→ TASK STATEMENT: Copy exactly the lines of the records below, and only those lines, beginning with the line that contains "X (Gball (topspace" and ending with the line that contains "fix c assume".

→ DATASET CONTENT:
----------------------------------------
lemma finally_compact_imp_G_complete:
  fixes d :: "'x \<Rightarrow> 'x \<Rightarrow> 'g::linordered_ab_group_add"
  assumes d: "d \<in> Met X" and fc: "finally_compact X \<kappa>" and inf: "Cinfinite \<kappa>"
    and bound: "\<And>E :: 'g set. E \<subseteq> {0<..} \<Longrightarrow> |E| <o \<kappa> \<Longrightarrow> \<exists>\<delta>>0. \<forall>e\<in>E. \<delta> + \<delta> < e"
  shows "G_complete X d"
  unfolding G_complete_def
proof (intro allI impI)
  fix F assume F: "Cauchy_filter X d F"
  show "\<exists>x. limitin X id x F"
  proof (rule ccontr)
    assume "\<nexists>x. limitin X id x F"
    then have "\<forall>x\<in>topspace X. \<exists>r>0. \<not> eventually (\<lambda>y. y \<in> Gball (topspace X) d x r) F"
      using limitin_Met_iff[OF d] by blast
    then obtain r where r: "\<forall>x\<in>topspace X.
        0 < r x \<and> \<not> eventually (\<lambda>y. y \<in> Gball (topspace X) d x (r x)) F"
      by metis
    have "\<forall>x\<in>topspace X. \<exists>\<epsilon>>0. \<epsilon> + \<epsilon> < r x"
    proof
      fix x assume "x \<in> topspace X"
      moreover have "|{r x}| <o \<kappa>"
        using inf by (intro Cfinite_ordLess_Cinfinite)
          (auto simp: cfinite_def Field_card_of card_of_card_order_on)
      ultimately show "\<exists>\<epsilon>>0. \<epsilon> + \<epsilon> < r x" using bound[of "{r x}"] r by auto
    qed
    then obtain \<epsilon> where \<epsilon>: "\<forall>x\<in>topspace X. 0 < \<epsilon> x \<and> \<epsilon> x + \<epsilon> x < r x"
      by metis
    have small_balls: "openin X (Gball (topspace X) d x (\<epsilon> x)) \<and> x \<in> Gball (topspace X) d x (\<epsilon> x)"
      if "x \<in> topspace X" for x
      using openin_Gball[OF d that] centre_in_Gball[OF Met_G_metric[OF d] that] \<epsilon> that by blast
    obtain C where C: "C \<subseteq> topspace X" "|C| <o \<kappa>"
      and cover: "topspace X \<subseteq> (\<Union>c\<in>C. Gball (topspace X) d c (\<epsilon> c))"
      using finally_compact_centred_subcover[OF fc small_balls] by blast
    have "\<epsilon> ` C \<subseteq> {0<..}" using \<epsilon> C(1) by auto
    moreover have "|\<epsilon> ` C| <o \<kappa>" using card_of_image C(2) by (rule ordLeq_ordLess_trans)
    ultimately have "\<exists>\<delta>>0. \<forall>e\<in>\<epsilon> ` C. \<delta> + \<delta> < e" by (rule bound)
    then obtain \<delta> where \<delta>: "0 < \<delta>" "\<forall>c\<in>C. \<delta> + \<delta> < \<epsilon> c" by blast
    have "\<forall>c\<in>C. \<delta> < \<epsilon> c \<and> \<epsilon> c + \<epsilon> c < r c"
    proof
      fix c assume c: "c \<in> C"
      have "\<delta> < \<delta> + \<delta>" using \<delta>(1) by simp
      also have "\<dots> < \<epsilon> c" using \<delta>(2) c by blast
      finally show "\<delta> < \<epsilon> c \<and> \<epsilon> c + \<epsilon> c < r c" using \<epsilon> C(1) c by blast
    qed
    then obtain c where "c \<in> C" "eventually (\<lambda>y. y \<in> Gball (topspace X) d c (r c)) F"
      using Cauchy_filter_eventually_in_Gball[OF Met_G_metric[OF d] F C(1) cover \<delta>(1)] by blast
    then show False using r C(1) by blast
  qed
qed

theorem lemma2p61:
  fixes X :: "'x topology" and \<kappa> :: "'c rel"
    and d0 :: "'x \<Rightarrow> 'x \<Rightarrow> 'k::linordered_ab_group_add" and mu :: "'l rel"
    and d1 :: "'x \<Rightarrow> 'x \<Rightarrow> 'h::linordered_ab_group_add"
  assumes gauge_chi: "chi_Arc_is TYPE('k) mu" and gauge_inf: "(natLeq, mu) \<in> ordLeq"
    and gauge_met: "d0 \<in> Met X"
    and reg: "Cinfinite \<kappa>" "regularCard \<kappa>"
    and MG_chi: "chi_Arc_is TYPE('h) \<kappa>" and MG_met: "d1 \<in> Met X"
    and G: "chi_Arc_is TYPE('g::linordered_ab_group_add) \<kappa>"
    and fc: "finally_compact X \<kappa>"
  shows "\<forall>d::'x \<Rightarrow> 'x \<Rightarrow> 'g. d \<in> Met X \<longrightarrow> G_complete X d"
proof (intro allI impI)
  fix d :: "'x \<Rightarrow> 'x \<Rightarrow> 'g" assume d: "d \<in> Met X"
  have "\<exists>\<delta>>0. \<forall>e\<in>E. \<delta> + \<delta> < e" if E: "E \<subseteq> {0<..}" "|E| <o \<kappa>" for E :: "'g set"
  proof -
    obtain \<delta> where "0 < \<delta>" "\<forall>e\<in>E. infinitely_less \<delta> e"
      using chi_Arc_small_set_infinitely_less_bound[OF G reg E] by blast
    then show ?thesis by (metis infinitely_less_def natmul_2)
  qed
  then show "G_complete X d" by (rule finally_compact_imp_G_complete[OF d fc reg(1)])
qed

end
----------------------------------------
→ EXERCISE RESULT:
    have small_balls: "openin X (Gball (topspace X) d x (\<epsilon> x)) \<and> x \<in> Gball (topspace X) d x (\<epsilon> x)"
      if "x \<in> topspace X" for x
      using openin_Gball[OF d that] centre_in_Gball[OF Met_G_metric[OF d] that] \<epsilon> that by blast
    obtain C where C: "C \<subseteq> topspace X" "|C| <o \<kappa>"
      and cover: "topspace X \<subseteq> (\<Union>c\<in>C. Gball (topspace X) d c (\<epsilon> c))"
      using finally_compact_centred_subcover[OF fc small_balls] by blast
    have "\<epsilon> ` C \<subseteq> {0<..}" using \<epsilon> C(1) by auto
    moreover have "|\<epsilon> ` C| <o \<kappa>" using card_of_image C(2) by (rule ordLeq_ordLess_trans)
    ultimately have "\<exists>\<delta>>0. \<forall>e\<in>\<epsilon> ` C. \<delta> + \<delta> < e" by (rule bound)
    then obtain \<delta> where \<delta>: "0 < \<delta>" "\<forall>c\<in>C. \<delta> + \<delta> < \<epsilon> c" by blast
    have "\<forall>c\<in>C. \<delta> < \<epsilon> c \<and> \<epsilon> c + \<epsilon> c < r c"
    proof
      fix c assume c: "c \<in> C"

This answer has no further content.